Persistent Identifier	doi:10.7910/DVN/EJA4F6
Publication Date	2024-10-22
Title	Replication Data for: Plasma lipopolysaccharide levels, microbiota and biomarkers of enteric dysfunction predict mortality in acutely ill children in sub-Saharan Africa and South Asia
Author	University of Oxfordhttps://orcid.org/0000-0001-5430-8631 University of Oxfordhttps://https://orcid.org/0000-0003-0839-879X
Point of Contact	Use email button above to contact. Njunge, James M. (KEMRI-Wellcome Trust Research Programme, Kilifi, Kenya) The Data Governance Committee (KEMRI-Wellcome Trust Research Programme, Kilifi, Kenya)
Description	This is a replication dataset for the submitted manuscript titled: "*Plasma lipopolysaccharide levels, microbiota and biomarkers of enteric dysfunction predict mortality in acutely ill children in sub-Saharan Africa and South Asia.* Sub-Saharan Africa and South Asia account for a disproportionately high share of global under-five mortality. Acute infections, including those caused by gram-negative bacteria, are common contributors to childhood hospitalization in these regions. Malnutrition and presumed environmental enteric dysfunction (EED) are often associated with these circumstances. Lipopolysaccharide (LPS), a component of the outer membrane of gram-negative bacteria, triggers host immune responses by engaging with toll-like receptor 4 (TLR4), leading to the release of inflammatory cytokines such as TNF and IL-1β. While hyper-activation of this pathway can result in conditions like sepsis, chronic exposure to LPS may promote immune tolerance. Additionally, LPS-TLR4 interactions play a crucial role in maintaining gut homeostasis. Although LPS is used as a biomarker for microbial translocation in conditions like EED, its association with mortality in low-resource settings has yet to be fully explored. Previous research has examined the relationship between systemic LPS levels and mortality in diseases such as sepsis and HIV, but studies focusing on environmental EED are scarce. Furthermore, chronic inflammation—a hallmark of EED—remains poorly understood in this setting. This analysis of LPS was conducted using demographic, clinical, anthropometric, outcome, proteomic, and entero-pathogen data from the CHAIN nested case-cohort (NCC) study to investigate the link between systemic LPS and mortality in a context marked by prevalent malnutrition and presumed EED. The study included 889 children across nine CHAIN sites. To address selection bias and enhance generalizability, inverse proportional weighting was applied where appropriate. The analysis utilized various methods, including group comparison statistics, survival analyses, correlation matrices, regression models, pathway analysis, and deconvolution of single-cell transcriptomic datasets.

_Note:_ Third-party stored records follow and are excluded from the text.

lemma contains_snoc_one_wrapped_iff:
  assumes ru: "rgf u" and r\<rho>: "rgf \<rho>"
  shows "contains (u @ [1]) (concat_part [1] \<rho> @ [1]) \<longleftrightarrow> contains u (concat_part [1] \<rho>)"
proof
  assume "contains (u @ [1]) (concat_part [1] \<rho> @ [1])"
  then obtain q where q: "subseq q (u @ [1])" "order_iso q (concat_part [1] \<rho> @ [1])"
    unfolding contains_iff_subseq_order_iso by blast
  from subseq_snocD[OF q(1)] show "contains u (concat_part [1] \<rho>)"
  proof
    assume "subseq q u"
    then have "contains u (concat_part [1] \<rho> @ [1])"
      using q(2) unfolding contains_iff_subseq_order_iso by blast
    then show ?thesis by (rule contains_append_patternD)
  next
    assume "\<exists>q'. q = q' @ [1] \<and> subseq q' u"
    then obtain q' where q': "q = q' @ [1]" "subseq q' u" by blast
    have "order_iso q' (concat_part [1] \<rho>)"
      using order_iso_take[OF q(2), of "length q'"] order_iso_length[OF q(2)] q'(1) by simp
    then show ?thesis using q'(2) unfolding contains_iff_subseq_order_iso by blast
  qed
next
  assume "contains u (concat_part [1] \<rho>)"
  then obtain q where q: "subseq q u" "order_iso q (1 # shift 1 \<rho>)"
    unfolding contains_iff_subseq_order_iso concat_part_one by blast
  then obtain x q' where qx: "q = x # q'" using order_iso_length[OF q(2)] by (cases q) auto
  have above: "\<forall>b\<in>set (shift 1 \<rho>). 1 < b" using shift_letters_gt[OF r\<rho>] by blast
  have iso: "order_iso q' (shift 1 \<rho>)" and x_less: "\<forall>a\<in>set q'. x < a"
    using order_iso_Cons_minD[OF q(2)[unfolded qx] above] by blast+
  have "x \<in> set u" using set_subseq_subset[OF q(1)] qx by simp
  then have "1 \<le> x" by (rule rgf_letter_pos[OF ru])
  obtain u' where u': "u = 1 # u'" using rgf_starts_with_one[OF ru] \<open>x \<in> set u\<close> by fastforce
  have "subseq q' u'" using q(1) qx u' by (cases "x = 1") (auto dest: subseq_Cons')
  then have "subseq (1 # q' @ [1]) (u @ [1])" using u' by simp
  moreover have "order_iso (1 # q' @ [1]) (1 # shift 1 \<rho> @ [1])"
  proof (rule order_iso_wrap[OF iso])
    show "\<forall>a\<in>set q'. 1 < a" using x_less \<open>1 \<le> x\<close> by auto
  qed (rule above)
  ultimately show "contains (u @ [1]) (concat_part [1] \<rho> @ [1])"
    unfolding contains_iff_subseq_order_iso concat_part_one by (intro exI conjI) simp_all
qed

lemma contains_wrapped_pattern_iff:
  assumes "rgf u" "rgf s" "rgf \<rho>"
  shows "contains (concat_part (u @ [1]) s) (concat_part [1] \<rho> @ [1]) \<longleftrightarrow>
    contains u (concat_part [1] \<rho>) \<or> contains s (concat_part [1] \<rho> @ [1])"
proof -
  have conn: "order_connected (concat_part [1] \<rho> @ [1])"
    using order_connected_wrap[of 1 "shift 1 \<rho>"] unfolding concat_part_one by simp
  have "rgf (u @ [1])" using assms(1) by (simp add: rgf_snoc_iff)
  then show ?thesis
    using contains_concat_part_iff[OF conn _ assms(2)] contains_snoc_one_wrapped_iff[OF assms(1,3)]
    by simp
qed

lemma nc_count_lifted_Suc:
  assumes "rgf \<sigma>" "order_connected \<sigma>"
  shows "nc_count (concat_part [1] \<sigma>) (Suc n) =
    (\<Sum>i\<le>n. nc_count (concat_part [1] \<sigma>) i * nc_count \<sigma> (n - i))"
  unfolding nc_count_eq_card
  by (rule card_nc_words_Suc) (use contains_lifted_pattern_iff[OF _ _ assms] in \<open>unfold avoids_def, blast\<close>)

lemma nc_count_wrapped_Suc:
  assumes "rgf \<rho>"
  shows "nc_count (concat_part [1] \<rho> @ [1]) (Suc n) =
    (\<Sum>i\<le>n. nc_count (concat_part [1] \<rho>) i * nc_count (concat_part [1] \<rho> @ [1]) (n - i))"
  unfolding nc_count_eq_card
  by (rule card_nc_words_Suc) (use contains_wrapped_pattern_iff[OF _ _ assms] in \<open>unfold avoids_def, blast\<close>)

theorem theorem3p8:
  fixes \<sigma> \<rho> \<tau> :: "nat list"
  assumes "rgf \<sigma>" and "noncrossing \<sigma>" and "connected_part \<sigma>"
    and "rgf \<rho>" and "noncrossing \<rho>"
    and "\<tau> = concat_part [1] \<rho>"
    and "nc_equiv \<sigma> \<tau>"
  shows "nc_equiv (concat_part [1] \<sigma>) (\<tau> @ [1])"
  unfolding nc_equiv_def
proof
  fix n
  have conn: "order_connected \<sigma>" using connected_part_order_connected assms(1,3) .
  have same: "nc_count \<sigma> = nc_count \<tau>" using assms(7) unfolding nc_equiv_def by blast
  show "nc_count (concat_part [1] \<sigma>) n = nc_count (\<tau> @ [1]) n"
  proof (rule convolution_recurrence_unique[where f = "nc_count (concat_part [1] \<sigma>)"
        and g = "nc_count (\<tau> @ [1])" and a = "nc_count \<sigma>"])
    show "nc_count (concat_part [1] \<sigma>) 0 = nc_count (\<tau> @ [1]) 0"
      by (simp add: nc_count_0 concat_part_def)
    show "nc_count (concat_part [1] \<sigma>) (Suc m) =
        (\<Sum>i\<le>m. nc_count (concat_part [1] \<sigma>) i * nc_count \<sigma> (m - i))" for m
      using nc_count_lifted_Suc[OF assms(1) conn] .
    show "nc_count (\<tau> @ [1]) (Suc m) = (\<Sum>i\<le>m. nc_count \<sigma> i * nc_count (\<tau> @ [1]) (m - i))" for m
      using nc_count_wrapped_Suc[OF assms(4)] unfolding same assms(6) .
  qed
qed

end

Subject	Medicine, Health and Life Sciences
Keyword	Lipopolysaccharide Mortality Environmental Enteropathy Environmental Enteric Dysfunction Systemic Immune Response Fecal Biomarkers Proteomics Gene Pathway Analysis Single-cell Transcriptomics
Related Publication	Njunge, J.M., Tickell, K., Diallo, A.H., Shahid, A.S.M.S.B., Gazi, M.A., Saleem, A., Kazi, Z., Ali, S., Tigoi, C., Mupere, E. and Lancioni, C.L., 2022. The Childhood Acute Illness and Nutrition (CHAIN) network nested case-cohort study protocol: a multi-omics approach to understanding mortality among children in sub-Saharan Africa and South Asia. Gates open research, 6.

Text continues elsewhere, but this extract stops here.